Antunes also uses light to make sculptures and to scan time: the exceptional opening of eight skylight windows on the roof of the exhibition space brings natural zenithal lighting to inside the environment, while artificial lighting, entrusted to a series of brass lamp-sculptures— which are in turn inspired by some of Anni Albers's designs—generates intimate atmospheres of a domestic dimension.
Milan and its rich Modernist tradition, in particular the work of architects Franca Helg (1920¬1989) and Franco Albini (1905-1977), are the source of great inspiration for this artist, who weaves these tales with the cultural heritage of companies like Pirelli or Olivetti and with the innovative projects they implemented starting in the 1950s together with creatives who were avant-garde. For the exhibition, Antunes delves deep into the collaboration that took place in the 1950s and '60s between the Studio Albini-Helg and the manufacturing house Vittorio Bonacina—a historical company in the Brianza area, today known as Bonacina 1889, active in the production of furniture and other objects for the home made with rattan and rattan-core.
The artist's interest in the activity of Franca Helg is especially visible in a series of new works: starting from the details and forms of several pieces of furniture conceived by the designer for Bonacina but extrapolating them from the context and totally divesting them of their original function, Antunes presents suspended sculptures made in rattan discrepancies with F.H. (2018), which converses with a group of brass works featuring similar shapes.
The very title of the exhibition, the last days in Galliate, harks back to the artist's research into the work of Franca Helg, alluded to in the name of the place overlooking Lake Varese and the Alpine foothills, where Helg had planned and built a family house for her parents—one of the few examples of her building projects signed independently of her studio—and the place where she was to spend the final years of her life. However, the title also refers to another avant-garde figure, the designer Clara Porset who spent the last years of her life in the Chimalistac district of Mexico City— whose research was at the core of a former exhibition Antunes held at at the Kunsthalle in Basel in 2013, titled the last days in chimalistac. Porset's work is also paid tribute to in the series of sculptures in wood and rope placed directly on the floor in the exhibition space (Clara, 2018).
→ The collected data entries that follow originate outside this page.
lemma exp_linear_real_on_interval:
  assumes "c \<noteq> 0" "d > 0"
    and real: "\<And>x. 0 < x \<Longrightarrow> x < d \<Longrightarrow> c * exp (\<beta> * complex_of_real x) \<in> \<real>"
  shows "\<beta> \<in> \<real>" and "c \<in> \<real>"
proof -
  define x where "x = d / 2"
  define h where "h = min (d / 4) (1 / (\<bar>Im \<beta>\<bar> + 1))"
  have h: "0 < h" "h \<le> d / 4" "h \<le> 1 / (\<bar>Im \<beta>\<bar> + 1)"
    using \<open>d > 0\<close> by (auto simp: h_def)
  then have x: "0 < x" "x < d" "0 < x + h" "x + h < d"
    using \<open>d > 0\<close> by (auto simp: x_def)
  have "exp (\<beta> * complex_of_real h) =
      c * exp (\<beta> * complex_of_real (x + h)) / (c * exp (\<beta> * complex_of_real x))"
    using \<open>c \<noteq> 0\<close> by (simp add: distrib_left exp_add)
  also have "\<dots> \<in> \<real>"
    using real[of "x + h"] real[of x] x by (intro Reals_divide) auto
  finally have "sin (Im \<beta> * h) = 0"
    by (simp add: complex_is_Real_iff Im_exp)
  moreover have "\<bar>Im \<beta> * h\<bar> < pi"
  proof -
    have "\<bar>Im \<beta> * h\<bar> \<le> \<bar>Im \<beta>\<bar> * (1 / (\<bar>Im \<beta>\<bar> + 1))"
      using mult_left_mono[OF h(3), of "\<bar>Im \<beta>\<bar>"] h(1) by (simp add: abs_mult)
    also have "\<dots> < 1"
      by (simp add: field_simps)
    finally show ?thesis
      using pi_gt3 by linarith
  qed
  ultimately have "Im \<beta> * h = 0"
    using sin_zero_pi_iff by blast
  then show "\<beta> \<in> \<real>"
    using h by (simp add: complex_is_Real_iff)
  have "c = c * exp (\<beta> * complex_of_real x) / exp (\<beta> * complex_of_real x)"
    by simp
  also have "\<dots> \<in> \<real>"
    using real x \<open>\<beta> \<in> \<real>\<close> by (intro Reals_divide exp_in_Reals) auto
  finally show "c \<in> \<real>" .
qed

lemma hadamard_parameters_real:
  fixes a :: "nat \<Rightarrow> complex"
  assumes f: "real_entire f" and "f z1 \<noteq> 0" and real_zeros: "\<And>z. f z = 0 \<Longrightarrow> z \<in> \<real>"
    and "c \<noteq> 0" and sa: "summable (\<lambda>n. 1 / (cmod (a n))\<^sup>2)"
    and f_eq: "\<And>z. f z = c * z ^ m * exp (\<beta> * z) * (\<Prod>n. E1 (z / a n))"
  shows "a n \<in> \<real>" and "\<beta> \<in> \<real>" and "c \<in> \<real>"
proof -
  have a_real: "a n \<in> \<real>" for n
  proof (cases "a n = 0")
    case False
    then show ?thesis
      using prodinf_E1_eq_0[OF sa] real_zeros[of "a n"] by (simp add: f_eq)
  qed simp
  then show "a n \<in> \<real>" .
  have "\<forall>\<^sub>F w in at 0. f w \<noteq> 0 \<and> w \<in> UNIV"
    using f \<open>f z1 \<noteq> 0\<close> unfolding real_entire_def
    by (intro non_zero_neighbour_alt[of f UNIV]) auto
  then obtain d where "d > 0" and f_nonzero: "\<And>w. w \<noteq> 0 \<Longrightarrow> dist w 0 < d \<Longrightarrow> f w \<noteq> 0"
    unfolding eventually_at by auto
  have "c * exp (\<beta> * complex_of_real x) \<in> \<real>" if "0 < x" "x < d" for x
  proof -
    define P where "P = (\<Prod>n. E1 (complex_of_real x / a n))"
    have "f (complex_of_real x) \<noteq> 0"
      using f_nonzero[of "complex_of_real x"] that by auto
    then have "c * exp (\<beta> * complex_of_real x) = f (complex_of_real x) / (complex_of_real x ^ m * P)"
      using that(1) by (simp add: f_eq P_def field_simps)
    also have "\<dots> \<in> \<real>"
      using f prodinf_E1_real[OF sa a_real] unfolding real_entire_def P_def
      by (intro Reals_divide Reals_mult Reals_power) auto
    finally show ?thesis .
  qed
  then show "\<beta> \<in> \<real>" "c \<in> \<real>"
    using exp_linear_real_on_interval[OF \<open>c \<noteq> 0\<close> \<open>d > 0\<close>] by blast+
qed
Other works that contribute to consolidating the narrative conceived for the exhibition at the Pirelli HangarBicocca are a series of hanging and modular sculptures made in black-, green-, ochre-, white- and gold-painted brass which introduce the exhibition route (alterated climbing form I, II, III, IV, 2017), inspired by a small 1954 relief, Climbing Form, by the British artist Mary Martin (1907-1967). Lastly, an allusion to Post-Minimalist art, especially to the work of the artist Eva Hesse (1936-1970), is evoked in in alterated knot, 2018, abstract sculptures in leather and rope directly hanging down from the ceiling—and alluding to the designs of Annie Albers.